__Instructions for the task__: The word "Mtilde" marks the lines to keep; find each one in the data and copy it.
+===+
text \<open>Tree of m_alpha's: M_1(x)=x, M_n splits into the first floor(n/2) and the
  remaining ceil(n/2) arguments (this covers both the 2k and 2k+1 cases).
  The value on the empty list is an irrelevant default.\<close>
function Mtree :: "real poly \<Rightarrow> real list \<Rightarrow> real" where
  "Mtree p xs = (if length xs \<le> 1 then (if xs = [] then 0 else hd xs)
     else malpha p (Mtree p (take (length xs div 2) xs)) (Mtree p (drop (length xs div 2) xs)))"
  by auto
termination
  by (relation "Wellfounded.measure (\<lambda>(p, xs). length xs)") auto

declare Mtree.simps[simp del]

definition Mtilde :: "real poly \<Rightarrow> real \<Rightarrow> nat \<Rightarrow> real \<Rightarrow> real list \<Rightarrow> real" where
  "Mtilde p \<alpha> n B xs =
     (let B' = B / (0.5 - (real_of_int \<lceil>log 2 (real n)\<rceil> - 1) * 2 powr (-\<alpha>))
      in B' * (Mtree p (map (\<lambda>x. x / B' + 0.5) xs) - 0.5))"

definition matinfnorm :: "real^'n^'m \<Rightarrow> real" where
  "matinfnorm M = Max (range (\<lambda>i. \<Sum>j\<in>UNIV. \<bar>M $ i $ j\<bar>))"

definition blockerr :: "real \<Rightarrow> (real^'n \<Rightarrow> real^'m) \<Rightarrow> (real^'n \<Rightarrow> real^'m) \<Rightarrow> real \<Rightarrow> ereal" where
  "blockerr B A Aa e = Sup {ereal (infnorm (Aa (x + d) - A x)) | x d.
       infnorm (x + d) \<le> B \<and> infnorm d \<le> e}"

end

theory Submission
  imports Defs
begin

(* (a) The error of an affine block is M d, whose i-th entry is at most the i-th absolute
   row sum times e.
   (b) ReLU is 1-Lipschitz, and r_alpha(t) = m_alpha(t, 0) for t >= 0, r_alpha(t) = m_alpha(0, -t) + t
   for t < 0; rescaling by B turns the error 2^-alpha into B 2^-alpha.
   (c) Max is 1-Lipschitz for the sup norm. The affine map in M~ sends [-B, B] into [c, 1 - c]
   with c = (L - 1) 2^-alpha, L = ceil(log2 n); along the balanced tree of depth L each level adds
   at most 2^-alpha while all values stay in [0, 1], so the tree is within L 2^-alpha of the
   maximum, and rescaling multiplies this by B' <= 8B when n <= 100 and alpha >= 4.
   (d) The i-th softmax coordinate is sigmoid(x_i - log sum_{j ~= i} exp x_j); the sigmoid is
   1/4-Lipschitz and log-sum-exp is 1-Lipschitz for the sup norm, so the argument moves by at
   most 2e. *)

lemma infnorm_le_cart:
  fixes x :: "real^'n"
  assumes "\<And>i. \<bar>x $ i\<bar> \<le> c"
  shows "infnorm x \<le> c"
  unfolding infnorm_cart by (rule cSup_least) (use assms in auto)

lemma blockerr_le_coordinatewise:
  fixes A Aa :: "real^'n \<Rightarrow> real^'m"
  assumes "\<And>x d i. (\<And>j. \<bar>(x + d) $ j\<bar> \<le> B) \<Longrightarrow> (\<And>j. \<bar>d $ j\<bar> \<le> e) \<Longrightarrow>
             \<bar>Aa (x + d) $ i - A x $ i\<bar> \<le> c"
  shows "blockerr B A Aa e \<le> ereal c"
  unfolding blockerr_def
proof (rule Sup_least, clarify)
  fix x d :: "real^'n"
  assume "infnorm (x + d) \<le> B" "infnorm d \<le> e"
  then have "\<bar>(x + d) $ j\<bar> \<le> B" "\<bar>d $ j\<bar> \<le> e" for j
    using component_le_infnorm_cart[of "x + d" j] component_le_infnorm_cart[of d j] by linarith+
  then show "ereal (infnorm (Aa (x + d) - A x)) \<le> ereal c"
    by (auto intro!: infnorm_le_cart assms)
qed

lemma abs_matrix_vector_mult_component_le:
  fixes M :: "real^'n^'m" and d :: "real^'n"
  assumes "\<And>j. \<bar>d $ j\<bar> \<le> e"
  shows "\<bar>(M *v d) $ i\<bar> \<le> matinfnorm M * e"
proof -
  have "e \<ge> 0" using assms[of undefined] by linarith
  have "\<bar>(M *v d) $ i\<bar> = \<bar>\<Sum>j\<in>UNIV. M $ i $ j * d $ j\<bar>"
    by (simp add: matrix_vector_mult_def)
  also have "\<dots> \<le> (\<Sum>j\<in>UNIV. \<bar>M $ i $ j\<bar> * e)"
    by (rule order.trans[OF sum_abs]) (auto intro!: sum_mono mult_left_mono assms simp: abs_mult)
  also have "\<dots> = (\<Sum>j\<in>UNIV. \<bar>M $ i $ j\<bar>) * e"
    by (simp add: sum_distrib_right)
  also have "\<dots> \<le> matinfnorm M * e"
    unfolding matinfnorm_def using \<open>e \<ge> 0\<close> by (intro mult_right_mono Max_ge) auto
  finally show ?thesis .
qed

lemma blockerr_affine:
  fixes M :: "real^'n^'m" and b :: "real^'m"
  shows "blockerr B (\<lambda>x. M *v x + b) (\<lambda>x. M *v x + b) e \<le> ereal (matinfnorm M * e)"
proof (rule blockerr_le_coordinatewise)
  fix x d :: "real^'n" and i
  assume "\<And>j. \<bar>d $ j\<bar> \<le> e"
  then show "\<bar>(M *v (x + d) + b) $ i - (M *v x + b) $ i\<bar> \<le> matinfnorm M * e"
    using abs_matrix_vector_mult_component_le[of d e M i]
    by (simp add: matrix_vector_right_distrib)
qed

lemma ralpha_approx_relu:
  assumes p: "\<forall>a\<in>{0..1}. \<forall>b\<in>{0..1}. \<bar>malpha p a b - max a b\<bar> \<le> \<epsilon>"
    and "\<bar>t\<bar> \<le> 1"
  shows "\<bar>ralpha p t - max t 0\<bar> \<le> \<epsilon>"
proof (cases "t \<ge> 0")
  case True
  then have "\<bar>malpha p t 0 - max t 0\<bar> \<le> \<epsilon>"
    using p[rule_format, of t 0] \<open>\<bar>t\<bar> \<le> 1\<close> by auto
  then show ?thesis by (simp add: malpha_def ralpha_def)
next
  case False
  then have "\<bar>malpha p 0 (-t) - max 0 (-t)\<bar> \<le> \<epsilon>"
    using p[rule_format, of 0 "-t"] \<open>\<bar>t\<bar> \<le> 1\<close> by auto
  moreover have "malpha p 0 (-t) = ralpha p t - t"
    by (simp add: malpha_def ralpha_def field_simps)
  ultimately show ?thesis using False by auto
qed

lemma rtilde_approx_relu:
  assumes p: "\<forall>a\<in>{0..1}. \<forall>b\<in>{0..1}. \<bar>malpha p a b - max a b\<bar> \<le> \<epsilon>"
    and "B > 0" "\<bar>y\<bar> \<le> B"
  shows "\<bar>rtilde p B y - max y 0\<bar> \<le> B * \<epsilon>"
proof -
  have "\<bar>y / B\<bar> \<le> 1" using assms(2,3) by (simp add: abs_divide)
  have "max y 0 = B * max (y / B) 0"
    using \<open>B > 0\<close> by (simp add: max_def field_simps)
  then have "\<bar>rtilde p B y - max y 0\<bar> = B * \<bar>ralpha p (y / B) - max (y / B) 0\<bar>"
    using \<open>B > 0\<close> by (simp add: rtilde_def abs_mult flip: right_diff_distrib)
  also have "\<dots> \<le> B * \<epsilon>"
    using ralpha_approx_relu[OF p \<open>\<bar>y / B\<bar> \<le> 1\<close>] \<open>B > 0\<close> by simp
  finally show ?thesis .
qed

lemma blockerr_relu:
  assumes p: "\<forall>a\<in>{0..1}. \<forall>b\<in>{0..1}. \<bar>malpha p a b - max a b\<bar> \<le> \<epsilon>" and "B > 0"
  shows "blockerr B (\<lambda>x :: real^'k. \<chi> i. max (x $ i) 0) (\<lambda>x. \<chi> i. rtilde p B (x $ i)) e
           \<le> ereal (B * \<epsilon> + e)"
proof (rule blockerr_le_coordinatewise)
  fix x d :: "real^'k" and i
  assume "\<And>j. \<bar>(x + d) $ j\<bar> \<le> B" "\<And>j. \<bar>d $ j\<bar> \<le> e"
  then have "\<bar>rtilde p B ((x + d) $ i) - max ((x + d) $ i) 0\<bar> \<le> B * \<epsilon>"
    using rtilde_approx_relu[OF p \<open>B > 0\<close>] by blast
  moreover have "\<bar>max ((x + d) $ i) 0 - max (x $ i) 0\<bar> \<le> e"
    using \<open>\<bar>d $ i\<bar> \<le> e\<close> by auto
  ultimately show "\<bar>(\<chi> i. rtilde p B ((x + d) $ i)) $ i - (\<chi> i. max (x $ i) 0) $ i\<bar> \<le> B * \<epsilon> + e"
    by simp
qed

definition sigmoid :: "real \<Rightarrow> real" where
  "sigmoid t = 1 / (1 + exp (-t))"

lemma has_real_derivative_sigmoid:
  "(sigmoid has_real_derivative sigmoid t * (1 - sigmoid t)) (at t)"
proof -
  have "1 + exp (-t) > 0"
    by (intro add_pos_pos) auto
  then show ?thesis
    unfolding sigmoid_def
    by (auto intro!: derivative_eq_intros simp: field_simps power2_eq_square)
qed

lemma sigmoid_lipschitz: "\<bar>sigmoid b - sigmoid a\<bar> \<le> \<bar>b - a\<bar> / 4"
proof -
  have slope: "\<bar>sigmoid b - sigmoid a\<bar> \<le> (b - a) / 4" if "a < b" for a b
  proof -
    obtain z where z: "sigmoid b - sigmoid a = (b - a) * (sigmoid z * (1 - sigmoid z))"
      using MVT2[OF \<open>a < b\<close>, of sigmoid "\<lambda>t. sigmoid t * (1 - sigmoid t)"]
        has_real_derivative_sigmoid by blast
    have "0 \<le> sigmoid z" "sigmoid z \<le> 1"
      unfolding sigmoid_def by (simp_all add: add_pos_pos)
    moreover have "sigmoid z * (1 - sigmoid z) \<le> 1 / 4"
      using sum_squares_ge_zero[of "sigmoid z - 1/2" 0] by (simp add: power2_eq_square algebra_simps)
    ultimately have "(b - a) * (sigmoid z * (1 - sigmoid z)) \<le> (b - a) * (1 / 4)"
      using \<open>a < b\<close> by (intro mult_left_mono) auto
    then show ?thesis
      using z \<open>a < b\<close> \<open>0 \<le> sigmoid z\<close> \<open>sigmoid z \<le> 1\<close> by (simp add: abs_mult)
  qed
  show ?thesis
    using slope[of a b] slope[of b a] by (cases a b rule: linorder_cases) (auto simp: abs_minus_commute)
qed

lemma ln_sum_exp_perturb_le:
  fixes x d :: "'a \<Rightarrow> real"
  assumes "finite S" "S \<noteq> {}" "\<And>j. j \<in> S \<Longrightarrow> d j \<le> e"
  shows "ln (\<Sum>j\<in>S. exp (x j + d j)) \<le> e + ln (\<Sum>j\<in>S. exp (x j))"
proof -
  have pos: "(\<Sum>j\<in>S. exp (y j)) > 0" for y :: "'a \<Rightarrow> real"
    using assms(1,2) by (intro sum_pos) auto
  have "(\<Sum>j\<in>S. exp (x j + d j)) \<le> (\<Sum>j\<in>S. exp e * exp (x j))"
    using assms(3) by (intro sum_mono) (simp flip: exp_add)
  then have "ln (\<Sum>j\<in>S. exp (x j + d j)) \<le> ln (exp e * (\<Sum>j\<in>S. exp (x j)))"
    using pos[of "\<lambda>j. x j + d j"] by (simp add: sum_distrib_left)
  also have "\<dots> = e + ln (\<Sum>j\<in>S. exp (x j))"
    using pos[of x] by (simp add: ln_mult)
  finally show ?thesis .
qed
+===+
__Task output__:
definition Mtilde :: "real poly \<Rightarrow> real \<Rightarrow> nat \<Rightarrow> real \<Rightarrow> real list \<Rightarrow> real" where
  "Mtilde p \<alpha> n B xs =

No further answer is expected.